To enrich the number of pericytes for transcriptomic analysis we pooled at least 6 retinas per sample from age and sex matched diabetic and non-diabetic mice. RNA was extracted using Direct-zol kit (Zymo Research, CA, USA) from the sorted pericytes collected in the RNA lysis buffer and approximately 500 ng of RNA was used for cDNA cDNA conversion. Sequencing library was prepared with the TruSeq RNA Library Preparation Kit v2 (non-stranded; Illumina). Barcoded libraries were pooled (8-plex) and run on two lanes of a flow cell on an Illumina NovaSeq 6000. Sequencing was performed using 2 × 83 bp reads. Reads were aligned to the mouse genome (mm10) using STAR v2.4(Dobin et al., 2013), and quality control was performed using Picard RnaSeqMetrics (v1.128). Gene and exon read counts were generated using HTSeq(Anders et al., 2015). The purity of pericytes was confirmed by real time PCR for the expression of PDGFRb, and VE-Cad expression. The sorted cells showed expression for PDGFRb and not for VE-Cad. Normalization, differential expression analysis and correction for multiple testing were performed with DESeq2. Heatmaps were made using Euclidean distances and the complete linkage clustering method using the heatmap R-package. we conducted pairwise comparison of the expression level of diabetic vs non-diabetic pericytes and P values were adjusted for multiple comparisons using the Bonferroni method. All the analyses were conducted using R software. Raw RNA-Seq data will be deposited on Gene Expression Omnibus repository.

2.4. Cell Culture

Human retinal pericytes (HRP) and Human retinal endothelial cells (HRECs) were obtained from Cell Systems (Kirkland, WA). The cells were grown on fibronectin-coated cell culture dishes in MCDB-131 supplemented with 10% FBS, 10 ng/mL EGF, 1 μg/mL hydrocortisone, 0.2 mg/mL endothelial culture medium (EndoGro; Millipore, MA, USA), and 0.09 mg/mL heparin (pH 7.3; VEC Technologies, NY, USA). Passages 3 to 8 were used for all experiments. Both these cell types were validated for von Willebrand factor, an endothelial cell marker, Desmin, and neural/glial antigen 2 markers for pericytes (Monickaraj et al., 2018).
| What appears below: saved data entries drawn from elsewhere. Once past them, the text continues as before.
(* Let $(K,\delta_K^* )$ be an iterative $q$-difference field whose field of constants is $C$. Then for any elements $x_1,\dots,x_r\in K$ which are linearly independent over $C$, the iterative Taylor series $\mathbf T_{x_1},\dots,\mathbf T_{x_r}$ are linearly independent over $K$; that is, if $a_1,\dots,a_r\in K$ satisfy $\sum_{j=1}^ra_j\delta_K^{(k)}(x_j)=0$ for all $k\in\mathbb N$, then $a_1=\dots=a_r=0$.
   Context: Let $C$ be an algebraically closed field and $q\in C$ with $q\ne1$ (possibly a root of unity). Let $F=C(t)$ with the automorphism $\sigma_q(f(t))=f(qt)$. For $r,k\in\mathbb N$, $\binom{r}{k}_q$ is the value at $q$ of the Gaussian polynomial $\prod_{i=1}^{k}\frac{1-x^{r-i+1}}{1-x^{i}}\in\mathbb Z[x]$. An iterative $q$-difference field is a field $K\supseteq F$ with an automorphism $\sigma_q$ extending that of $F$ and maps $\delta_K^{(k)}:K\to K$ ($k\in\mathbb N$) such that for all $a,b\in K$, $i,j,k$: $\delta_K^{(0)}=\mathrm{id}$; $\delta_K^{(1)}=\frac{\sigma_q-\mathrm{id}}{(q-1)t}$; $\delta_K^{(k)}$ additive; $\delta_K^{(k)}(ab)=\sum_{i+j=k}\sigma_q^i(\delta_K^{(j)}(a))\delta_K^{(i)}(b)$; $\delta_K^{(i)}\circ\delta_K^{(j)}=\binom{i+j}{i}_q\delta_K^{(i+j)}$. Its field of constants is $\{c\in K:\delta_K^{(k)}(c)=0\ \forall k\ge1\}$. The iterative Taylor series of $a\in K$ is $\mathbf T_a=\sum_{k\in\mathbb N}\delta_K^{(k)}(a)T^k\in K[[T]]$. *)

theory Defs
  imports "HOL-Computational_Algebra.Polynomial"
begin

text \<open>Gaussian polynomial prod_{i=1}^k (1 - x^(r-i+1)) / (1 - x^i) in Z[x]
  (exact polynomial division), and its value at q.\<close>
definition gauss_poly :: "nat \<Rightarrow> nat \<Rightarrow> int poly" where
  "gauss_poly r k =
     (\<Prod>i\<in>{1..k}. 1 - monom 1 (r + 1 - i)) div (\<Prod>i\<in>{1..k}. 1 - monom 1 i)"

definition qbinom :: "'a::field \<Rightarrow> nat \<Rightarrow> nat \<Rightarrow> 'a" where
  "qbinom q r k = poly (map_poly of_int (gauss_poly r k)) q"

definition is_subfield :: "'a::field set \<Rightarrow> bool" where
  "is_subfield C \<longleftrightarrow> 0 \<in> C \<and> 1 \<in> C \<and>
     (\<forall>a\<in>C. \<forall>b\<in>C. a + b \<in> C \<and> a * b \<in> C) \<and>
     (\<forall>a\<in>C. - a \<in> C \<and> inverse a \<in> C)"

definition alg_closed_subfield :: "'a::field set \<Rightarrow> bool" where
  "alg_closed_subfield C \<longleftrightarrow>
     (\<forall>p. (\<forall>i. coeff p i \<in> C) \<and> degree p > 0 \<longrightarrow> (\<exists>x\<in>C. poly p x = 0))"

text \<open>t is transcendental over C (so C(t) inside K is the rational function field).\<close>
definition transcendental_over :: "'a::field set \<Rightarrow> 'a \<Rightarrow> bool" where
  "transcendental_over C t \<longleftrightarrow>
     (\<forall>p. (\<forall>i. coeff p i \<in> C) \<and> poly p t = 0 \<longrightarrow> p = 0)"

text \<open>Iterative q-difference field structure on the field (type 'a) containing
  F = C(t), with automorphism sigma extending sigma_q and iterative maps delta.\<close>
definition iter_q_diff_field ::
  "'a::field set \<Rightarrow> 'a \<Rightarrow> 'a \<Rightarrow> ('a \<Rightarrow> 'a) \<Rightarrow> (nat \<Rightarrow> 'a \<Rightarrow> 'a) \<Rightarrow> bool" where
  "iter_q_diff_field C q t \<sigma> \<delta> \<longleftrightarrow>
     is_subfield C \<and> alg_closed_subfield C \<and> q \<in> C \<and> q \<noteq> 1 \<and>
     transcendental_over C t \<and>
     bij \<sigma> \<and> (\<forall>a b. \<sigma> (a + b) = \<sigma> a + \<sigma> b) \<and> (\<forall>a b. \<sigma> (a * b) = \<sigma> a * \<sigma> b) \<and>
     \<sigma> 1 = 1 \<and> (\<forall>c\<in>C. \<sigma> c = c) \<and> \<sigma> t = q * t \<and>
     (\<forall>a. \<delta> 0 a = a) \<and>
     (\<forall>a. \<delta> 1 a = (\<sigma> a - a) / ((q - 1) * t)) \<and>
     (\<forall>k a b. \<delta> k (a + b) = \<delta> k a + \<delta> k b) \<and>
     (\<forall>k a b. \<delta> k (a * b) = (\<Sum>i\<le>k. (\<sigma> ^^ i) (\<delta> (k - i) a) * \<delta> i b)) \<and>
     (\<forall>i j a. \<delta> i (\<delta> j a) = qbinom q (i + j) i * \<delta> (i + j) a)"

definition qconstants :: "(nat \<Rightarrow> 'a::field \<Rightarrow> 'a) \<Rightarrow> 'a set" where
  "qconstants \<delta> = {c. \<forall>k\<ge>1. \<delta> k c = 0}"

end

theory Submission
  imports Defs
begin

text \<open>Take a nonzero relation \<Sum>_j a_j \<delta>_k(x_j) = 0 (for all k) of minimal support, normalised
  so that a_j0 = 1. If \<delta>_i kills every a_j for 0 < i < l, applying \<delta>_l to the relation at
  level m, with the Leibniz rule and the iteration rule \<delta>_l \<delta>_m = \<beta> \<delta>_(l+m), leaves
  \<Sum>_j \<sigma>^l(\<delta>_m x_j) \<delta>_l(a_j) = 0. Pulling back along \<sigma>^l gives a relation whose coefficient
  at j0 is \<delta>_l(1) = 0, so it vanishes by minimality. By induction on l all a_j are constants,
  contradicting the independence of the x_j over the constants.\<close>

lemma additive_zero:
  fixes f :: "'a::ab_group_add \<Rightarrow> 'b::ab_group_add"
  assumes "\<And>a b. f (a + b) = f a + f b"
  shows "f 0 = 0"
  using assms[of 0 0] by simp

lemma additive_sum:
  fixes f :: "'a::ab_group_add \<Rightarrow> 'b::ab_group_add"
  assumes "\<And>a b. f (a + b) = f a + f b"
  shows "f (\<Sum>j\<in>A. g j) = (\<Sum>j\<in>A. f (g j))"
  by (induction A rule: infinite_finite_induct) (simp_all add: additive_zero assms)

text \<open>The q-binomial coefficient of the iteration rule plays no role; it becomes an arbitrary \<open>\<beta>\<close>.\<close>

locale iterative_difference =
  fixes \<sigma> :: "'a::field \<Rightarrow> 'a" and \<delta> :: "nat \<Rightarrow> 'a \<Rightarrow> 'a" and \<beta> :: "nat \<Rightarrow> nat \<Rightarrow> 'a"
  assumes bij_\<sigma>: "bij \<sigma>"
    and \<sigma>_add: "\<sigma> (a + b) = \<sigma> a + \<sigma> b"
    and \<sigma>_mult: "\<sigma> (a * b) = \<sigma> a * \<sigma> b"
    and \<delta>_0: "\<delta> 0 a = a"
    and \<delta>_add: "\<delta> k (a + b) = \<delta> k a + \<delta> k b"
    and \<delta>_mult: "\<delta> k (a * b) = (\<Sum>i\<le>k. (\<sigma> ^^ i) (\<delta> (k - i) a) * \<delta> i b)"
    and \<delta>_\<delta>: "\<delta> i (\<delta> j a) = \<beta> i j * \<delta> (i + j) a"
begin

lemma bij_\<sigma>_pow: "bij (\<sigma> ^^ l)"
  using bij_\<sigma> by simp

lemma \<sigma>_pow_add: "(\<sigma> ^^ l) (a + b) = (\<sigma> ^^ l) a + (\<sigma> ^^ l) b"
  by (induction l) (simp_all add: \<sigma>_add)

lemma \<sigma>_pow_mult: "(\<sigma> ^^ l) (a * b) = (\<sigma> ^^ l) a * (\<sigma> ^^ l) b"
  by (induction l) (simp_all add: \<sigma>_mult)

lemma \<sigma>_pow_zero: "(\<sigma> ^^ l) 0 = 0"
  by (rule additive_zero) (rule \<sigma>_pow_add)

lemma \<sigma>_pow_sum: "(\<sigma> ^^ l) (\<Sum>j\<in>A. g j) = (\<Sum>j\<in>A. (\<sigma> ^^ l) (g j))"
  by (rule additive_sum) (rule \<sigma>_pow_add)

lemma \<sigma>_one: "\<sigma> 1 = 1"
proof -
  obtain u where "\<sigma> u = 1"
    using surjD[OF bij_is_surj[OF bij_\<sigma>], of 1] by auto
  then have "\<sigma> 1 = \<sigma> 1 * \<sigma> u" by simp
  also have "\<dots> = \<sigma> (1 * u)" by (rule \<sigma>_mult[symmetric])
  also have "\<dots> = 1" using \<open>\<sigma> u = 1\<close> by simp
  finally show ?thesis .
qed

lemma \<sigma>_pow_one: "(\<sigma> ^^ l) 1 = 1"
  by (induction l) (simp_all add: \<sigma>_one)

lemma inv_\<sigma>_pow_eq_0_iff: "inv (\<sigma> ^^ l) y = 0 \<longleftrightarrow> y = 0"
proof -
  have "0 = inv (\<sigma> ^^ l) y \<longleftrightarrow> (\<sigma> ^^ l) 0 = y"
    by (rule bij_inv_eq_iff[OF bij_\<sigma>_pow])
  then show ?thesis by (auto simp: \<sigma>_pow_zero)
qed

lemma \<delta>_zero: "\<delta> k 0 = 0"
  by (rule additive_zero) (rule \<delta>_add)

lemma \<delta>_sum: "\<delta> k (\<Sum>j\<in>A. g j) = (\<Sum>j\<in>A. \<delta> k (g j))"
  by (rule additive_sum) (rule \<delta>_add)

lemma \<delta>_mult_if_lower_vanish:
  assumes "0 < l" and "\<And>i. 0 < i \<Longrightarrow> i < l \<Longrightarrow> \<delta> i b = 0"
  shows "\<delta> l (a * b) = \<delta> l a * b + (\<sigma> ^^ l) a * \<delta> l b"
proof -
  obtain l' where l': "l = Suc l'" using assms(1) by (cases l) auto
  define f where "f i = (\<sigma> ^^ i) (\<delta> (l - i) a) * \<delta> i b" for i
  have "\<delta> l (a * b) = (\<Sum>i\<le>l. f i)"
    unfolding f_def by (rule \<delta>_mult)
  also have "\<dots> = f 0 + (\<Sum>i<l'. f (Suc i)) + f l"
    unfolding l' by (simp add: sum.atMost_Suc_shift del: sum.atMost_Suc)
      (simp add: lessThan_Suc_atMost[symmetric])
  also have "(\<Sum>i<l'. f (Suc i)) = 0"
    using assms(2) l' unfolding f_def by (intro sum.neutral) auto
  finally show ?thesis
    unfolding f_def by (simp add: \<delta>_0)
qed

lemma \<delta>_one: "0 < l \<Longrightarrow> \<delta> l 1 = 0"
proof (induction l rule: less_induct)
  case (less l)
  then have "\<delta> l 1 = \<delta> l 1 + \<delta> l 1"
    using \<delta>_mult_if_lower_vanish[of l 1 1] by (simp add: \<sigma>_pow_one)
  then show ?case by (simp only: add_cancel_right_right)
qed

definition taylor_relation :: "nat set \<Rightarrow> (nat \<Rightarrow> 'a) \<Rightarrow> (nat \<Rightarrow> 'a) \<Rightarrow> bool" where
  "taylor_relation J x a \<longleftrightarrow> (\<forall>k. (\<Sum>j\<in>J. a j * \<delta> k (x j)) = 0)"

lemma taylor_relation_scale:
  "taylor_relation J x a \<Longrightarrow> taylor_relation J x (\<lambda>j. c * a j)"
  unfolding taylor_relation_def by (simp add: mult.assoc sum_distrib_left[symmetric])

lemma taylor_relation_derivative:
  assumes rel: "taylor_relation J x a" and "0 < l"
    and lower: "\<And>i j. 0 < i \<Longrightarrow> i < l \<Longrightarrow> j \<in> J \<Longrightarrow> \<delta> i (a j) = 0"
  shows "taylor_relation J x (\<lambda>j. inv (\<sigma> ^^ l) (\<delta> l (a j)))"
  unfolding taylor_relation_def
proof
  fix m
  have "\<delta> l (\<delta> m (x j) * a j)
      = \<beta> l m * (a j * \<delta> (l + m) (x j)) + (\<sigma> ^^ l) (\<delta> m (x j)) * \<delta> l (a j)"
    if "j \<in> J" for j
    using \<delta>_mult_if_lower_vanish[OF \<open>0 < l\<close> lower[OF _ _ that]] by (simp add: \<delta>_\<delta>)
  then have "(\<Sum>j\<in>J. \<delta> l (\<delta> m (x j) * a j))
      = \<beta> l m * (\<Sum>j\<in>J. a j * \<delta> (l + m) (x j))
        + (\<Sum>j\<in>J. (\<sigma> ^^ l) (\<delta> m (x j)) * \<delta> l (a j))"
    by (simp add: sum.distrib sum_distrib_left)
  moreover have "(\<Sum>j\<in>J. \<delta> l (\<delta> m (x j) * a j)) = 0"
    using rel unfolding taylor_relation_def
    by (simp add: \<delta>_sum[symmetric] mult.commute \<delta>_zero)
  ultimately have "(\<Sum>j\<in>J. (\<sigma> ^^ l) (\<delta> m (x j)) * \<delta> l (a j)) = 0"
    using rel unfolding taylor_relation_def by simp
  define b where "b j = inv (\<sigma> ^^ l) (\<delta> l (a j))" for j
  have "(\<sigma> ^^ l) (\<Sum>j\<in>J. b j * \<delta> m (x j))
      = (\<Sum>j\<in>J. (\<sigma> ^^ l) (b j) * (\<sigma> ^^ l) (\<delta> m (x j)))"
    by (simp add: \<sigma>_pow_sum \<sigma>_pow_mult)
  also have "\<dots> = (\<Sum>j\<in>J. (\<sigma> ^^ l) (\<delta> m (x j)) * \<delta> l (a j))"
    by (simp add: b_def surj_f_inv_f[OF bij_is_surj[OF bij_\<sigma>_pow[of l]]] mult.commute)
  also have "\<dots> = (\<sigma> ^^ l) 0"
    using \<open>(\<Sum>j\<in>J. (\<sigma> ^^ l) (\<delta> m (x j)) * \<delta> l (a j)) = 0\<close> by (simp add: \<sigma>_pow_zero)
  finally show "(\<Sum>j\<in>J. b j * \<delta> m (x j)) = 0"
    by (rule injD[OF bij_is_inj[OF bij_\<sigma>_pow[of l]]])
qed

lemma minimal_taylor_relation_coeffs_constant:
  assumes rel: "taylor_relation J x a" and "j\<^sub>0 \<in> J" and "a j\<^sub>0 = 1"
    and minimal: "\<And>b. taylor_relation J x b \<Longrightarrow> b j\<^sub>0 = 0
      \<Longrightarrow> (\<forall>j\<in>J. a j = 0 \<longrightarrow> b j = 0) \<Longrightarrow> \<forall>j\<in>J. b j = 0"
  shows "\<forall>j\<in>J. a j \<in> qconstants \<delta>"
proof -
  have "\<forall>j\<in>J. \<delta> l (a j) = 0" if "0 < l" for l
    using that
  proof (induction l rule: less_induct)
    case (less l)
    let ?b = "\<lambda>j. inv (\<sigma> ^^ l) (\<delta> l (a j))"
    have "\<forall>j\<in>J. ?b j = 0"
    proof (rule minimal)
      show "taylor_relation J x ?b"
        using less by (intro taylor_relation_derivative[OF rel]) auto
      show "?b j\<^sub>0 = 0"
        using \<open>a j\<^sub>0 = 1\<close> less.prems by (simp add: \<delta>_one inv_\<sigma>_pow_eq_0_iff)
      show "\<forall>j\<in>J. a j = 0 \<longrightarrow> ?b j = 0"
        by (simp add: \<delta>_zero inv_\<sigma>_pow_eq_0_iff)
    qed
    then show ?case
      by (simp add: inv_\<sigma>_pow_eq_0_iff)
  qed
  then show ?thesis
    unfolding qconstants_def by auto
qed

theorem taylor_series_independent:
  assumes "finite J"
    and indep: "\<forall>c. (\<forall>j\<in>J. c j \<in> qconstants \<delta>) \<and> (\<Sum>j\<in>J. c j * x j) = 0
      \<longrightarrow> (\<forall>j\<in>J. c j = 0)"
    and "taylor_relation J x a"
  shows "\<forall>j\<in>J. a j = 0"
  using assms(3)
proof (induction "card {j\<in>J. a j \<noteq> 0}" arbitrary: a rule: less_induct)
  case less
  show ?case
  proof (rule ccontr)
    assume "\<not> (\<forall>j\<in>J. a j = 0)"
    then obtain j\<^sub>0 where j\<^sub>0: "j\<^sub>0 \<in> J" "a j\<^sub>0 \<noteq> 0" by blast
    define a' where "a' j = a j / a j\<^sub>0" for j
    have rel': "taylor_relation J x a'"
      using taylor_relation_scale[OF less.prems, of "inverse (a j\<^sub>0)"]
      unfolding a'_def by (simp add: divide_inverse_commute)
    have "\<forall>j\<in>J. a' j \<in> qconstants \<delta>"
    proof (rule minimal_taylor_relation_coeffs_constant[OF rel' j\<^sub>0(1)])
      show "a' j\<^sub>0 = 1" using j\<^sub>0 unfolding a'_def by simp
      fix b assume b: "taylor_relation J x b" "b j\<^sub>0 = 0" "\<forall>j\<in>J. a' j = 0 \<longrightarrow> b j = 0"
      have "{j\<in>J. b j \<noteq> 0} \<subset> {j\<in>J. a j \<noteq> 0}"
        using b j\<^sub>0 unfolding a'_def by auto
      then have "card {j\<in>J. b j \<noteq> 0} < card {j\<in>J. a j \<noteq> 0}"
        using \<open>finite J\<close> by (simp add: psubset_card_mono)
      then show "\<forall>j\<in>J. b j = 0" using b(1) by (rule less.hyps)
    qed
    moreover have "(\<Sum>j\<in>J. a' j * x j) = 0"
    proof -
      have "(\<Sum>j\<in>J. a' j * \<delta> 0 (x j)) = 0"
        using rel' unfolding taylor_relation_def by blast
      then show ?thesis by (simp add: \<delta>_0)
    qed
    ultimately have "\<forall>j\<in>J. a' j = 0" using indep by blast
    then show False using j\<^sub>0 unfolding a'_def by simp
  qed
qed

end

theorem theorem2p22:
  fixes C :: "'a::field set" and q t :: 'a and \<sigma> :: "'a \<Rightarrow> 'a"
    and \<delta> :: "nat \<Rightarrow> 'a \<Rightarrow> 'a" and r :: nat and x a :: "nat \<Rightarrow> 'a"
  assumes "iter_q_diff_field C q t \<sigma> \<delta>"
    and "qconstants \<delta> = C"
    and "\<forall>c. (\<forall>j\<in>{1..r}. c j \<in> C) \<and> (\<Sum>j=1..r. c j * x j) = 0
             \<longrightarrow> (\<forall>j\<in>{1..r}. c j = 0)"
    and "\<forall>k. (\<Sum>j=1..r. a j * \<delta> k (x j)) = 0"
  shows "\<forall>j\<in>{1..r}. a j = 0"
proof -
  interpret iterative_difference \<sigma> \<delta> "\<lambda>i j. qbinom q (i + j) i"
    using assms(1) unfolding iter_q_diff_field_def by unfold_locales auto
  show ?thesis
    using taylor_series_independent[of "{1..r}" x a] assms(2-4)
    unfolding taylor_relation_def by simp
qed

end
2.5. Advanced glycation end-product treatment

HRPs were treated with 250 and 500μg advanced glycation end-product-BSA (AGE-BSA) (Sigma-Aldrich, St. Louis, MO) for 96 hrs.

2.6. In vitro siRNA Knockdown

Notch3 gene was knockdown in HRP using Lipofectamine 3000 according to the manufacturer’s protocol (Thermofisher, CA, USA). In brief the cells were treated with Notch3 siRNA and scramble siRNA as a control, followed by lipofectamine 3000 transfection the cells were incubated for 24–48 hours followed by validation using western blotting.

2.7. Western Blot

Cells were lysed using RIPA buffer, followed by centrifugation at 12000 rpm for 10 min at 4°C. The protein concentration of each sample was estimated using Pierce BCA Protein Assay method. Protein samples were separated in precast TGX gels (Biorad, CA, USA) and transferred to blotting membranes and probed with specific primary antibodies (Abcam, Eugene, OR), followed by incubation with fluorescently-labeled secondary antibody (LI-COR, NE, USA) and images collected on the LI-COR Odyssey. Protein levels were normalized to β-tubulin (Abcam, Eugene, OR).

2.8. Real-Time PCR

Total mRNA was extracted from the HRPs and first-strand cDNA was synthesized from 1 μg total RNA (High-Capacity cDNA Reverse Transcription Kit; (Life Technologies, CA, USA) and probed with gene specific primers. Amplification and detection were then performed on a fast real-time PCR system (7500 Fast; Life Technologies). Data were derived by using the comparative Ct method for duplicate reactions with normalization to the housekeeping gene 18s RNA.

2.9. Electrical Cell-Substrate Impedance Sensing (ECIS)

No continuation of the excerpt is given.